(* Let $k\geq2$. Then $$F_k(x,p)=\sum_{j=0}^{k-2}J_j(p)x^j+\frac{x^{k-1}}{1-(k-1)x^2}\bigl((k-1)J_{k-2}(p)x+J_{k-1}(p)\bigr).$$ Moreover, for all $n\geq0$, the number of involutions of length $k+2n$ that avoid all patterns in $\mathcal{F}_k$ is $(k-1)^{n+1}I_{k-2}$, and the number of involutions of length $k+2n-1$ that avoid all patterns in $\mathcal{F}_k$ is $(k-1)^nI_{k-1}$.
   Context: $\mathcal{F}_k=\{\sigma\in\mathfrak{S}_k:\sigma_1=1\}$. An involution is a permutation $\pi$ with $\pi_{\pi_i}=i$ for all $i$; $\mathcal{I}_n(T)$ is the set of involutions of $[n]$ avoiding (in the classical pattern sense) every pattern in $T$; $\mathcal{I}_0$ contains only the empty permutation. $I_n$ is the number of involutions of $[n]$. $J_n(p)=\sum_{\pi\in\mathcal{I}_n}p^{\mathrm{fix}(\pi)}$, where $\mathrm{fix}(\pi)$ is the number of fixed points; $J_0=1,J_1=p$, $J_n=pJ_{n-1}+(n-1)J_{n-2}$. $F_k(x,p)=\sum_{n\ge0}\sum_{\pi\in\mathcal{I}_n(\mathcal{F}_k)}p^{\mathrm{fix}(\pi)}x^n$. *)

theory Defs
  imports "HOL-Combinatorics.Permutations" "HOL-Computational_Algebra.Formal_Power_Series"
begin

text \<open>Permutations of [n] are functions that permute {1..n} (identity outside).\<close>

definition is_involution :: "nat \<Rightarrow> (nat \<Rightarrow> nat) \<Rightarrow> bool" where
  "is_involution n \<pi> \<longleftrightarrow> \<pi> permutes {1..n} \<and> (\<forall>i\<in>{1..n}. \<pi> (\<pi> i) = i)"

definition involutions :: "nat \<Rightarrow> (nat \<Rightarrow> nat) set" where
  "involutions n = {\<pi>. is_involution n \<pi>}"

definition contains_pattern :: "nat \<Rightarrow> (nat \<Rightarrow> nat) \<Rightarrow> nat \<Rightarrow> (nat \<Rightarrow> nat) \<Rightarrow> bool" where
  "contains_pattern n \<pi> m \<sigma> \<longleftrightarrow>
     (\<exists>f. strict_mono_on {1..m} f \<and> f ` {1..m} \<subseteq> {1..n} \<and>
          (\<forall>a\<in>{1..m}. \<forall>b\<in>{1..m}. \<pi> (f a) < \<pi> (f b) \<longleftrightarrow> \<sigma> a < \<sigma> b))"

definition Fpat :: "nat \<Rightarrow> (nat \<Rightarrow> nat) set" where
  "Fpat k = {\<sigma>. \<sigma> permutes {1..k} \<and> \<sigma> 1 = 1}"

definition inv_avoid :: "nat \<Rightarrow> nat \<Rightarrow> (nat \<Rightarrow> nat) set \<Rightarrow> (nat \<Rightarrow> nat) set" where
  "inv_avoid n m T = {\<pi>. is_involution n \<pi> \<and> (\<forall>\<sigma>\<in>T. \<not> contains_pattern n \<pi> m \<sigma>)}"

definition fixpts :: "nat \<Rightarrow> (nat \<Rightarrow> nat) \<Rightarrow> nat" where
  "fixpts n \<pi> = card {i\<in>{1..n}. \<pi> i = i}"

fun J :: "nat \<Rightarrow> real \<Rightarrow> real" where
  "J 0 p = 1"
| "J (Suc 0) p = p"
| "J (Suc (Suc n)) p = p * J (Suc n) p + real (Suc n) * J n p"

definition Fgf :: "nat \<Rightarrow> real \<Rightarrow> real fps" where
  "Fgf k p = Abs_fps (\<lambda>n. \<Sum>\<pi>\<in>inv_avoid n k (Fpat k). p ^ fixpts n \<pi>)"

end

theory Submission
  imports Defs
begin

-=-=-=-=-

| Aim of the exercise |
Transcribe each record shown above, exactly.

| Exercise output |
(* Let $k\geq2$. Then $$F_k(x,p)=\sum_{j=0}^{k-2}J_j(p)x^j+\frac{x^{k-1}}{1-(k-1)x^2}\bigl((k-1)J_{k-2}(p)x+J_{k-1}(p)\bigr).$$ Moreover, for all $n\geq0$, the number of involutions of length $k+2n$ that avoid all patterns in $\mathcal{F}_k$ is $(k-1)^{n+1}I_{k-2}$, and the number of involutions of length $k+2n-1$ that avoid all patterns in $\mathcal{F}_k$ is $(k-1)^nI_{k-1}$.
   Context: $\mathcal{F}_k=\{\sigma\in\mathfrak{S}_k:\sigma_1=1\}$. An involution is a permutation $\pi$ with $\pi_{\pi_i}=i$ for all $i$; $\mathcal{I}_n(T)$ is the set of involutions of $[n]$ avoiding (in the classical pattern sense) every pattern in $T$; $\mathcal{I}_0$ contains only the empty permutation. $I_n$ is the number of involutions of $[n]$. $J_n(p)=\sum_{\pi\in\mathcal{I}_n}p^{\mathrm{fix}(\pi)}$, where $\mathrm{fix}(\pi)$ is the number of fixed points; $J_0=1,J_1=p$, $J_n=pJ_{n-1}+(n-1)J_{n-2}$. $F_k(x,p)=\sum_{n\ge0}\sum_{\pi\in\mathcal{I}_n(\mathcal{F}_k)}p^{\mathrm{fix}(\pi)}x^n$. *)

theory Defs
  imports "HOL-Combinatorics.Permutations" "HOL-Computational_Algebra.Formal_Power_Series"
begin

text \<open>Permutations of [n] are functions that permute {1..n} (identity outside).\<close>

definition is_involution :: "nat \<Rightarrow> (nat \<Rightarrow> nat) \<Rightarrow> bool" where
  "is_involution n \<pi> \<longleftrightarrow> \<pi> permutes {1..n} \<and> (\<forall>i\<in>{1..n}. \<pi> (\<pi> i) = i)"

definition involutions :: "nat \<Rightarrow> (nat \<Rightarrow> nat) set" where
  "involutions n = {\<pi>. is_involution n \<pi>}"

definition contains_pattern :: "nat \<Rightarrow> (nat \<Rightarrow> nat) \<Rightarrow> nat \<Rightarrow> (nat \<Rightarrow> nat) \<Rightarrow> bool" where
  "contains_pattern n \<pi> m \<sigma> \<longleftrightarrow>
     (\<exists>f. strict_mono_on {1..m} f \<and> f ` {1..m} \<subseteq> {1..n} \<and>
          (\<forall>a\<in>{1..m}. \<forall>b\<in>{1..m}. \<pi> (f a) < \<pi> (f b) \<longleftrightarrow> \<sigma> a < \<sigma> b))"

definition Fpat :: "nat \<Rightarrow> (nat \<Rightarrow> nat) set" where
  "Fpat k = {\<sigma>. \<sigma> permutes {1..k} \<and> \<sigma> 1 = 1}"

definition inv_avoid :: "nat \<Rightarrow> nat \<Rightarrow> (nat \<Rightarrow> nat) set \<Rightarrow> (nat \<Rightarrow> nat) set" where
  "inv_avoid n m T = {\<pi>. is_involution n \<pi> \<and> (\<forall>\<sigma>\<in>T. \<not> contains_pattern n \<pi> m \<sigma>)}"

definition fixpts :: "nat \<Rightarrow> (nat \<Rightarrow> nat) \<Rightarrow> nat" where
  "fixpts n \<pi> = card {i\<in>{1..n}. \<pi> i = i}"

fun J :: "nat \<Rightarrow> real \<Rightarrow> real" where
  "J 0 p = 1"
| "J (Suc 0) p = p"
| "J (Suc (Suc n)) p = p * J (Suc n) p + real (Suc n) * J n p"

definition Fgf :: "nat \<Rightarrow> real \<Rightarrow> real fps" where
  "Fgf k p = Abs_fps (\<lambda>n. \<Sum>\<pi>\<in>inv_avoid n k (Fpat k). p ^ fixpts n \<pi>)"

end

theory Submission
  imports Defs
begin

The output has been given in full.